EXERCISE INSTRUCTIONS:
In the records below, find the line with "using \<open>countable \<H>\<close>" and the line with "ultimately show ?thesis". Print both exactly, along with every line between them, and no other line.
++++++++
definition dyadic_partial_order ::
  "(int \<Rightarrow> 'i \<Rightarrow> 'a::metric_space) \<Rightarrow> (int \<Rightarrow> 'i set) \<Rightarrow> real \<Rightarrow> real \<Rightarrow> real \<Rightarrow>
   (int \<times> 'i \<Rightarrow> int \<times> 'i \<Rightarrow> bool) \<Rightarrow> bool" where
  "dyadic_partial_order x I \<delta> c0 C0 leq \<longleftrightarrow>
     \<comment> \<open>partial order on the index pairs\<close>
     (\<forall>k. \<forall>\<alpha>\<in>I k. leq (k,\<alpha>) (k,\<alpha>)) \<and>
     (\<forall>k \<alpha> l \<beta>. \<alpha> \<in> I k \<longrightarrow> \<beta> \<in> I l \<longrightarrow> leq (k,\<alpha>) (l,\<beta>) \<longrightarrow> leq (l,\<beta>) (k,\<alpha>)
        \<longrightarrow> (k,\<alpha>) = (l,\<beta>)) \<and>
     (\<forall>k \<alpha> l \<beta> j \<gamma>. \<alpha> \<in> I k \<longrightarrow> \<beta> \<in> I l \<longrightarrow> \<gamma> \<in> I j \<longrightarrow>
        leq (k,\<alpha>) (l,\<beta>) \<longrightarrow> leq (l,\<beta>) (j,\<gamma>) \<longrightarrow> leq (k,\<alpha>) (j,\<gamma>)) \<and>
     \<comment> \<open>(a)\<close>
     (\<forall>k. \<forall>\<beta>\<in>I (k+1). \<exists>!\<alpha>. \<alpha> \<in> I k \<and> leq (k+1,\<beta>) (k,\<alpha>)) \<and>
     \<comment> \<open>(b)\<close>
     (\<forall>l k. \<forall>\<beta>\<in>I l. \<forall>\<alpha>\<in>I k. l \<le> k \<longrightarrow>
        (leq (l,\<beta>) (k,\<alpha>) \<longleftrightarrow> l = k \<and> \<beta> = \<alpha>)) \<and>
     \<comment> \<open>(c)\<close>
     (\<forall>l k. \<forall>\<beta>\<in>I l. \<forall>\<alpha>\<in>I k. l > k \<longrightarrow>
        (leq (l,\<beta>) (k,\<alpha>) \<longleftrightarrow>
          (\<exists>\<eta>::int \<Rightarrow> 'i. \<eta> k = \<alpha> \<and> \<eta> l = \<beta> \<and> (\<forall>j\<in>{k..l}. \<eta> j \<in> I j) \<and>
             (\<forall>j\<in>{k..l-1}. leq (j+1, \<eta> (j+1)) (j, \<eta> j))))) \<and>
     \<comment> \<open>(d)\<close>
     (\<forall>k. \<forall>\<alpha>\<in>I k. \<forall>\<beta>\<in>I (k+1).
        (dist (x (k+1) \<beta>) (x k \<alpha>) < c0/2 * \<delta> powi k \<longrightarrow> leq (k+1,\<beta>) (k,\<alpha>)) \<and>
        (leq (k+1,\<beta>) (k,\<alpha>) \<longrightarrow> dist (x (k+1) \<beta>) (x k \<alpha>) < C0 * \<delta> powi k))"

end

theory Submission
  imports Defs
begin

text \<open>
  Fix a point \<open>y\<close> and a scale \<open>m + n\<close>.  By the covering property of the
  side \<open>F \<in> {E, -E}\<close> containing \<open>y\<close>, some point of generation \<open>m + n\<close> lying in \<open>F\<close> is
  within \<open>B0 \<delta>^(m+n)\<close> of \<open>y\<close>; following parents upwards it has an ancestor \<open>\<gamma>\<close> of
  generation \<open>m\<close>, which lies in \<open>F\<close> by compatibility and is within \<open>2 B0 \<delta>^m\<close> of \<open>y\<close>,
  because the parent steps form a geometric series with ratio \<open>\<delta> \<le> 1/2\<close>.
  If \<open>y \<in> E\<close>, the ancestor must be \<open>\<alpha>0\<close> at every scale, so \<open>y\<close> is a limit of descendants
  of \<open>\<alpha>0\<close>, i.e. \<open>y \<in> Qbar \<alpha>0\<close>.  If \<open>y \<notin> E\<close>, the ancestors range over the finitely many
  generation-\<open>m\<close> points near \<open>y\<close> (finite by geometric doubling and separation), so one
  ancestor \<open>\<gamma> \<noteq> \<alpha>0\<close> occurs for infinitely many scales and \<open>y \<in> Qbar \<gamma>\<close>, i.e. \<open>y \<notin> Qtilde\<close>.
\<close>

subsection \<open>Separated sets in geometrically doubling spaces\<close>

lemma doubling_cover_iter:
  assumes "geometrically_doubling TYPE('a::metric_space)"
  shows "\<exists>C. finite C \<and> ball (y::'a) r \<subseteq> (\<Union>c\<in>C. ball c (r / 2^n))"
proof (induction n)
  case 0
  show ?case by (rule exI[of _ "{y}"]) auto
next
  case (Suc n)
  then obtain C where C: "finite C" "ball y r \<subseteq> (\<Union>c\<in>C. ball c (r / 2^n))" by blast
  have "\<forall>c::'a. \<exists>D. finite D \<and> ball c (r / 2^n) \<subseteq> (\<Union>d\<in>D. ball d (r / 2^n / 2))"
    using assms unfolding geometrically_doubling_def by blast
  then obtain f where f: "\<And>c::'a. finite (f c) \<and> ball c (r / 2^n) \<subseteq> (\<Union>d\<in>f c. ball d (r / 2^n / 2))"
    by metis
  have "ball y r \<subseteq> (\<Union>d\<in>(\<Union>c\<in>C. f c). ball d (r / 2^Suc n))"
  proof
    fix z assume "z \<in> ball y r"
    then obtain c where "c \<in> C" "z \<in> ball c (r / 2^n)" using C by blast
    then obtain d where "d \<in> f c" "z \<in> ball d (r / 2^n / 2)" using f by blast
    then show "z \<in> (\<Union>d\<in>(\<Union>c\<in>C. f c). ball d (r / 2^Suc n))"
      using \<open>c \<in> C\<close> by (auto simp: field_simps)
  qed
  moreover have "finite (\<Union>c\<in>C. f c)" using C f by blast
  ultimately show ?case by blast
qed
lemma closure_hyperplane_complement:
  fixes q :: "'a::euclidean_space"
  assumes "q \<noteq> 0"
  shows "closure {x. x \<bullet> q \<noteq> p} = UNIV"
proof -
  have "- {x. x \<bullet> q \<noteq> p} = {x. q \<bullet> x = p}"
    by (auto simp: inner_commute)
  then show ?thesis
    using assms by (simp add: closure_interior)
qed

lemma Baire_open_subset:
  fixes U :: "'a::heine_borel set"
  assumes "open U" "countable \<G>" "\<And>T. T \<in> \<G> \<Longrightarrow> open T" "\<And>T. T \<in> \<G> \<Longrightarrow> U \<subseteq> closure T"
  shows "gdelta_in (top_of_set U) (U \<inter> \<Inter>\<G>) \<and> U \<subseteq> closure (U \<inter> \<Inter>\<G>)"
proof -
  define \<H> where "\<H> = insert U ((\<lambda>T. U \<inter> T) ` \<G>)"
  have "U \<inter> \<Inter>\<G> = \<Inter>\<H>"
    unfolding \<H>_def by blast
  have open_H: "openin (top_of_set U) H" if "H \<in> \<H>" for H
    using that assms(1,3) unfolding \<H>_def by auto
  have "countable \<H>"
    using assms(2) unfolding \<H>_def by simp
  have "U \<subseteq> closure H" if "H \<in> \<H>" for H
    using that assms(1,3,4) open_Int_closure_subset[OF assms(1)] closure_subset
    unfolding \<H>_def by blast
  then have "top_of_set U closure_of H = U" if "H \<in> \<H>" for H
    using that by (simp add: closure_of_subtopology_open assms(1) Int_absorb2)
  moreover have "locally_compact_space (top_of_set U) \<and> regular_space (top_of_set U)"
    by (simp add: assms(1) locally_compact_space_open_subset regular_space_subtopology
        regular_space_euclidean locally_compact_space_euclidean)
  ultimately have "top_of_set U closure_of \<Inter>\<H> = U"
    using Baire_category[of "top_of_set U" \<H>] open_H \<open>countable \<H>\<close> by auto
  moreover have "gdelta_in (top_of_set U) (\<Inter>\<H>)"
    using \<open>countable \<H>\<close> open_H by (intro gdelta_in_Inter open_imp_gdelta_in) (auto simp: \<H>_def)
  moreover have "\<Inter>\<H> \<subseteq> U"
    unfolding \<H>_def by blast
  ultimately show ?thesis
    unfolding \<open>U \<inter> \<Inter>\<G> = \<Inter>\<H>\<close> by (auto simp: closure_of_subtopology Int_absorb1)
qed

lemma connected_continuous_image_contains_rational:
  fixes h :: "'a::topological_space \<Rightarrow> real"
  assumes "connected S" "continuous_on S h" "x \<in> S" "y \<in> S" "h x < h y"
  obtains z where "z \<in> S" "h z \<in> \<rat>"
proof -
  obtain r where r: "r \<in> \<rat>" "h x < r" "r < h y"
    using Rats_dense_in_real assms(5) by blast
  have "is_interval (h ` S)"
    using assms by (simp add: is_interval_connected_1 connected_continuous_image)
  then have "r \<in> h ` S"
    by (rule mem_is_interval_1_I[where a = "h x" and b = r and c = "h y"]) (use r assms(3,4) in auto)
  then show ?thesis
    using r that by blast
qed

lemma nowhere_constant_on_id: "nowhere_constant_on (\<lambda>x::'a::perfect_space. x) U"
  unfolding nowhere_constant_on_def
  by (metis not_open_singleton subset_singleton_iff subsetI singletonI)

lemma nowhere_constant_on_dense_not_equal:
  assumes "open U" "nowhere_constant_on g U"
  shows "U \<subseteq> closure (g -` (- {a}) \<inter> U)"
proof
  fix x assume "x \<in> U"
  show "x \<in> closure (g -` (- {a}) \<inter> U)"
  proof (clarsimp simp: closure_iff_nhds_not_empty)
    fix T S assume "S \<subseteq> T" "open S" "x \<in> S" and disj: "g -` (- {a}) \<inter> U \<inter> T = {}"
    have "open (S \<inter> U)" "S \<inter> U \<subseteq> U" "S \<inter> U \<noteq> {}"
      using \<open>open S\<close> \<open>open U\<close> \<open>x \<in> S\<close> \<open>x \<in> U\<close> by auto
    moreover have "\<forall>y \<in> S \<inter> U. g y = a"
      using disj \<open>S \<subseteq> T\<close> by blast
    ultimately show False
      using assms(2) unfolding nowhere_constant_on_def by blast
  qed
qed
lemma card_coset_rep_fibre:
  assumes "finite (carrier G)" "t \<in> coset_rep G S ` carrier G"
  shows "card {x \<in> carrier G. coset_rep G S x = t} = card S"
proof -
  obtain y where y: "y \<in> carrier G" "t = coset_rep G S y" using assms(2) by auto
  then have t: "t \<in> carrier G" "coset_rep G S t = t" by simp_all
  have "{x \<in> carrier G. coset_rep G S x = t} = S #> t"
  proof (intro equalityI subsetI)
    fix x assume "x \<in> {x \<in> carrier G. coset_rep G S x = t}"
    then show "x \<in> S #> t"
      using coset_rep_eq_iff[of x t] t subgroup.rcos_module[OF S is_group t(1)] by auto
  next
    fix x assume x: "x \<in> S #> t"
    then have "x \<in> carrier G" using r_coset_subset_G[OF subgroup.subset[OF S] t(1)] by blast
    then show "x \<in> {x \<in> carrier G. coset_rep G S x = t}"
      using x coset_rep_eq_iff[of x t] t subgroup.rcos_module[OF S is_group t(1)] by auto
  qed
  then show ?thesis
    using card_rcosets_equal[OF rcosetsI[OF subgroup.subset[OF S] t(1)] subgroup.subset[OF S]] by simp
qed

lemma sum_over_coset_reps:
  assumes "finite (carrier G)"
  shows "(\<Sum>h\<in>carrier G. F (coset_rep G S h)) = of_nat (card S) * (\<Sum>t\<in>coset_rep G S ` carrier G. F t)"
proof -
  have "(\<Sum>h\<in>carrier G. F (coset_rep G S h)) =
      (\<Sum>t\<in>coset_rep G S ` carrier G. \<Sum>h\<in>{x \<in> carrier G. coset_rep G S x = t}. F (coset_rep G S h))"
    by (rule sum.group[OF assms finite_imageI[OF assms] subset_refl, symmetric])
  also have "\<dots> = (\<Sum>t\<in>coset_rep G S ` carrier G. of_nat (card S) * F t)"
  proof (intro sum.cong refl)
    fix t assume "t \<in> coset_rep G S ` carrier G"
    then show "(\<Sum>h\<in>{x \<in> carrier G. coset_rep G S x = t}. F (coset_rep G S h)) = of_nat (card S) * F t"
      using card_coset_rep_fibre[OF assms] by simp
  qed
  finally show ?thesis by (simp add: sum_distrib_left)
qed

end

end

text \<open>Blocks of the induced representation are indexed by \<open>a < k\<close> through an enumeration
  \<open>e\<close> of the coset representatives.\<close>

locale coset_enumeration = group G for G (structure) +
  fixes S :: "'a set" and k :: nat and e :: "nat \<Rightarrow> 'a"
  assumes finite_carrier: "finite (carrier G)" and subgroup_S: "subgroup S G"
    and enumerates_reps: "bij_betw e {..<k} (coset_rep G S ` carrier G)"
begin

abbreviation reps where "reps \<equiv> coset_rep G S ` carrier G"

lemma subgroup_mem_carrier: "s \<in> S \<Longrightarrow> s \<in> carrier G"
  using subgroup.mem_carrier[OF subgroup_S] .

lemma card_reps: "card reps = k"
  using bij_betw_same_card[OF enumerates_reps] by simp

lemma card_carrier_eq: "real (card (carrier G)) = real (card S) * real k"
  using sum_over_coset_reps[OF subgroup_S finite_carrier, of "\<lambda>_. 1"] card_reps by simp

definition rep_index :: "'a \<Rightarrow> nat" where
  "rep_index = the_inv_into {..<k} e"

lemma enum_rep: "a < k \<Longrightarrow> e a \<in> reps"
  using enumerates_reps by (auto simp: bij_betw_def)

lemma enum_closed[simp]: "a < k \<Longrightarrow> e a \<in> carrier G"
  using enum_rep coset_rep_closed[OF subgroup_S] by (metis imageE)

lemma coset_rep_enum[simp]: "a < k \<Longrightarrow> coset_rep G S (e a) = e a"
  using enum_rep coset_rep_idem[OF subgroup_S] by (metis imageE)

lemma rep_index_enum[simp]: "a < k \<Longrightarrow> rep_index (e a) = a"
  unfolding rep_index_def using enumerates_reps by (auto simp: bij_betw_def the_inv_into_f_f)

lemma enum_rep_index[simp]: "t \<in> reps \<Longrightarrow> e (rep_index t) = t"
  unfolding rep_index_def using enumerates_reps by (auto simp: bij_betw_def f_the_inv_into_f)

lemma rep_index_less: "t \<in> reps \<Longrightarrow> rep_index t < k"
  unfolding rep_index_def using enumerates_reps the_inv_into_into[of e "{..<k}" t "{..<k}"]
  by (simp add: bij_betw_def)

definition trivial_index :: nat where
  "trivial_index = rep_index \<one>"

lemma one_mem_reps: "\<one> \<in> reps"
  using image_eqI[of \<one> "coset_rep G S" \<one>] coset_rep_subgroup[OF subgroup_S] subgroup.one_closed[OF subgroup_S]
  by simp

lemma trivial_index: "trivial_index < k" "e trivial_index = \<one>"
  unfolding trivial_index_def using rep_index_less[OF one_mem_reps] enum_rep_index[OF one_mem_reps]
  by simp_all

lemma k_pos: "0 < k"
  using trivial_index by simp

text \<open>Right multiplication by \<open>g\<close> permutes the cosets, and
  \<open>e a \<otimes> g = coset_cocycle g a \<otimes> e (coset_shift g a)\<close> with \<open>coset_cocycle g a \<in> S\<close>.\<close>

definition coset_shift :: "'a \<Rightarrow> nat \<Rightarrow> nat" where
  "coset_shift g a = rep_index (coset_rep G S (e a \<otimes> g))"

definition coset_cocycle :: "'a \<Rightarrow> nat \<Rightarrow> 'a" where
  "coset_cocycle g a = e a \<otimes> g \<otimes> inv (coset_rep G S (e a \<otimes> g))"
++++++++
REPLY:
    using \<open>countable \<H>\<close> open_H by (intro gdelta_in_Inter open_imp_gdelta_in) (auto simp: \<H>_def)
  moreover have "\<Inter>\<H> \<subseteq> U"
    unfolding \<H>_def by blast
  ultimately show ?thesis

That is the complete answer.